Я всю жизнь полкартины выбрасывал в корзину. Лучшее входило в нее, а какие-то эпизоды оставались за ее пределами. Теперь нищая сериальная жизнь вдруг оказалась подарком. Амбициозные каналы, прекрасные актеры и простор. Не надо по два года выпрашивать у Госкино деньги. Беда в том, что сериалы топчутся на узком пространстве, вокруг бесконечных ментов, преступников и бандитов, как будто другой жизни нет. На Западе серьезные режиссеры выходят из сериалов. Большинство моих коллег продолжают с пренебрежением относиться к ним, как к халтуре. Хорошие режиссеры, как Хотиненко, делают и фильмы хорошие, и сериалы.

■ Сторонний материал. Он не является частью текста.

(* Let $\mathsf{k}$ be algebraically closed and $\mathsf{P}=(p_{abc})\in\mathsf{k}^8$. The quadratic Jordan algebra $J_{\mathsf{P}}$ defined below is nondegenerate if and only if $D_{\mathscr{H}}(\mathsf{P})\neq0$, where $D_{\mathscr{H}}(\mathsf{P})=p_{111}^2p_{222}^2+p_{112}^2p_{221}^2+p_{121}^2p_{212}^2+p_{122}^2p_{211}^2-2(p_{111}p_{122}p_{211}p_{222}+p_{111}p_{121}p_{212}p_{222}+p_{111}p_{112}p_{221}p_{222}+p_{121}p_{122}p_{211}p_{212}+p_{112}p_{122}p_{211}p_{221}+p_{112}p_{121}p_{212}p_{221})+4(p_{111}p_{122}p_{212}p_{221}+p_{112}p_{121}p_{211}p_{222})$ (Cayley's hyperdeterminant).
   Context: Let $J=\mathsf{k}^9$ with coordinates $u_1,u_2,u_3,x_{ij}$ ($i\in\{1,2\},j\in\{1,2,3\}$); write $\bm{x}_j=(x_{1j},x_{2j})^t$. With the fixed constants $p_{abc}$, put $D^{(1)}_{ij}(x)=p_{1ij}x_{21}-p_{2ij}x_{11}$, $D^{(2)}_{ij}(x)=p_{i1j}x_{22}-p_{i2j}x_{12}$, $D^{(3)}_{ij}(x)=p_{ij1}x_{23}-p_{ij2}x_{13}$ and $D^{(k)}(x)$ the matrix with rows $(-D^{(k)}_{12}(x),D^{(k)}_{11}(x))$, $(-D^{(k)}_{22}(x),D^{(k)}_{21}(x))$; $M^\dagger$ denotes adjugate. Define $\sigma\mapsto\sigma^\sharp$ by $\bm{x}_1^\sharp=-u_1\bm{x}_1+D^{(3)}(x)\bm{x}_2$, $\bm{x}_2^\sharp=-u_2\bm{x}_2+D^{(1)}(x)\bm{x}_3$, $\bm{x}_3^\sharp=-u_3\bm{x}_3-D^{(2)}(x)^\dagger\bm{x}_1$, $u_1^\sharp=u_2u_3+\det D^{(1)}(x)$, $u_2^\sharp=u_3u_1+\det D^{(2)}(x)$, $u_3^\sharp=u_1u_2+\det D^{(3)}(x)$. Let $D^{(k)}_{ij}(x^\sharp)$ be $D^{(k)}_{ij}$ evaluated at the coordinates $x^\sharp_{ij}$ of $\sigma^\sharp$, $D^{(k)}(x,x^\sharp)$ the matrix with rows $(-D^{(k)}_{12}(x),D^{(k)}_{11}(x^\sharp))$, $(-D^{(k)}_{22}(x),D^{(k)}_{21}(x^\sharp))$ and $D^{(k)}(x^\sharp,x)$ the matrix with rows $(-D^{(k)}_{12}(x^\sharp),D^{(k)}_{11}(x))$, $(-D^{(k)}_{22}(x^\sharp),D^{(k)}_{21}(x))$. Let $N_{\mathsf{P}}=\tfrac13\sum_{k=1}^3\big(u_ku_k^\sharp-\det D^{(k)}(x,x^\sharp)-\det D^{(k)}(x^\sharp,x)\big)$ (a cubic form with integer coefficients). $J_{\mathsf{P}}$ is the quadratic Jordan algebra of the cubic form $N_{\mathsf{P}}$ with this $\sharp$-mapping and unit $\mathfrak{1}$ (the point $u_1=u_2=u_3=1$, $x_{ij}=0$): with $T(x,y):=-\partial_x\partial_yN_{\mathsf{P}}(\mathfrak{1})+\partial_xN_{\mathsf{P}}(\mathfrak{1})\partial_yN_{\mathsf{P}}(\mathfrak{1})$, $x\sharp y:=(x+y)^\sharp-x^\sharp-y^\sharp$ and $U_xy:=T(x,y)x-x^\sharp\sharp y$. $J_{\mathsf{P}}$ is nondegenerate if $\{\sigma\in J\mid U_\sigma y=0\ \forall y\in J\}=\{0\}$. *)

theory Defs
  imports "HOL-Computational_Algebra.Polynomial"
begin

text \<open>The space J = k^9: a point is a function from the nine coordinate names to k.
  The constants P = (p_abc) are given as a function p :: nat => nat => nat => k,
  of which only the values at a,b,c in {1,2} are ever used.\<close>

datatype jc = U1 | U2 | U3 | X11 | X12 | X13 | X21 | X22 | X23

definition ucoord :: "nat \<Rightarrow> jc" where
  "ucoord k = (if k = 1 then U1 else if k = 2 then U2 else U3)"

definition Dk :: "(nat \<Rightarrow> nat \<Rightarrow> nat \<Rightarrow> 'a::comm_ring_1) \<Rightarrow> nat \<Rightarrow> (jc \<Rightarrow> 'a) \<Rightarrow> nat \<Rightarrow> nat \<Rightarrow> 'a" where
  "Dk p k s i j =
     (if k = 1 then p 1 i j * s X21 - p 2 i j * s X11
      else if k = 2 then p i 1 j * s X22 - p i 2 j * s X12
      else p i j 1 * s X23 - p i j 2 * s X13)"

definition det2 :: "'a::comm_ring_1 \<Rightarrow> 'a \<Rightarrow> 'a \<Rightarrow> 'a \<Rightarrow> 'a" where
  "det2 a b c d = a * d - b * c"

definition detD :: "(nat \<Rightarrow> nat \<Rightarrow> nat \<Rightarrow> 'a::comm_ring_1) \<Rightarrow> nat \<Rightarrow> (jc \<Rightarrow> 'a) \<Rightarrow> 'a" where
  "detD p k s = det2 (- Dk p k s 1 2) (Dk p k s 1 1) (- Dk p k s 2 2) (Dk p k s 2 1)"

text \<open>The sharp map. For x3: the adjugate of the matrix with rows (a,b),(c,d) has rows (d,-b),(-c,a).\<close>
definition sharp :: "(nat \<Rightarrow> nat \<Rightarrow> nat \<Rightarrow> 'a::comm_ring_1) \<Rightarrow> (jc \<Rightarrow> 'a) \<Rightarrow> (jc \<Rightarrow> 'a)" where
  "sharp p s = (\<lambda>c. case c of
      X11 \<Rightarrow> - s U1 * s X11 + ((- Dk p 3 s 1 2) * s X12 + Dk p 3 s 1 1 * s X22)
    | X21 \<Rightarrow> - s U1 * s X21 + ((- Dk p 3 s 2 2) * s X12 + Dk p 3 s 2 1 * s X22)
    | X12 \<Rightarrow> - s U2 * s X12 + ((- Dk p 1 s 1 2) * s X13 + Dk p 1 s 1 1 * s X23)
    | X22 \<Rightarrow> - s U2 * s X22 + ((- Dk p 1 s 2 2) * s X13 + Dk p 1 s 2 1 * s X23)
    | X13 \<Rightarrow> - s U3 * s X13 - (Dk p 2 s 2 1 * s X11 + (- Dk p 2 s 1 1) * s X21)
    | X23 \<Rightarrow> - s U3 * s X23 - ((- (- Dk p 2 s 2 2)) * s X11 + (- Dk p 2 s 1 2) * s X21)
    | U1 \<Rightarrow> s U2 * s U3 + detD p 1 s
    | U2 \<Rightarrow> s U3 * s U1 + detD p 2 s
    | U3 \<Rightarrow> s U1 * s U2 + detD p 3 s)"

text \<open>Three times N_P, literally as in the definition:
  sum over k of u_k u_k^# - det D^(k)(x,x^#) - det D^(k)(x^#,x).\<close>
definition N3 :: "(nat \<Rightarrow> nat \<Rightarrow> nat \<Rightarrow> 'a::comm_ring_1) \<Rightarrow> (jc \<Rightarrow> 'a) \<Rightarrow> 'a" where
  "N3 p s = (\<Sum>k\<in>{1,2,3::nat}.
      s (ucoord k) * sharp p s (ucoord k)
      - det2 (- Dk p k s 1 2) (Dk p k (sharp p s) 1 1) (- Dk p k s 2 2) (Dk p k (sharp p s) 2 1)
      - det2 (- Dk p k (sharp p s) 1 2) (Dk p k s 1 1) (- Dk p k (sharp p s) 2 2) (Dk p k s 2 1))"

— В последнее время ни один кинематографический пленум не обходится без разговоров о том, что детского кино нет. Где же, говорят, новые «Звонят, откройте дверь»...

— Это не детская картина. Я уже 40 лет говорю об этом. И больше не могу. Это картина, где действуют дети, и это метафора человеческих отношений. Дети вообще ее смотреть не любят. Это взрослый фильм, в котором на примере детской судьбы рассказана история несчастной любви. Есть в нем и социальная метафора: главный человек не тот, который главнее в социальной иерархии. Каждый чувствует себя аутсайдером, на обочине жизни, и тогда это почувствовали в картине.

«Друг мой, Колька!» — тоже не детская картина. Просто Хмелик, как и Володин, понял, что дети — отличный инструмент метафоры, и грамотно распорядился предоставившимися возможностями, поскольку детское кино поощрялось, получало финансирование.

Детям нравятся картины Спилберга, приключенческие фильмы активного действия. Они мечтают о взрослой жизни, чего им смотреть про школу. Они и так там целый день проводят.

— Так и «Экипаж» ваш, получается, — детское кино?

— Да, это абсолютно детская картина. Для меня детское кино — не то, которое смотрят дети, а то, что превращает взрослых в детей. В этом смысле большинство моих картин — детские.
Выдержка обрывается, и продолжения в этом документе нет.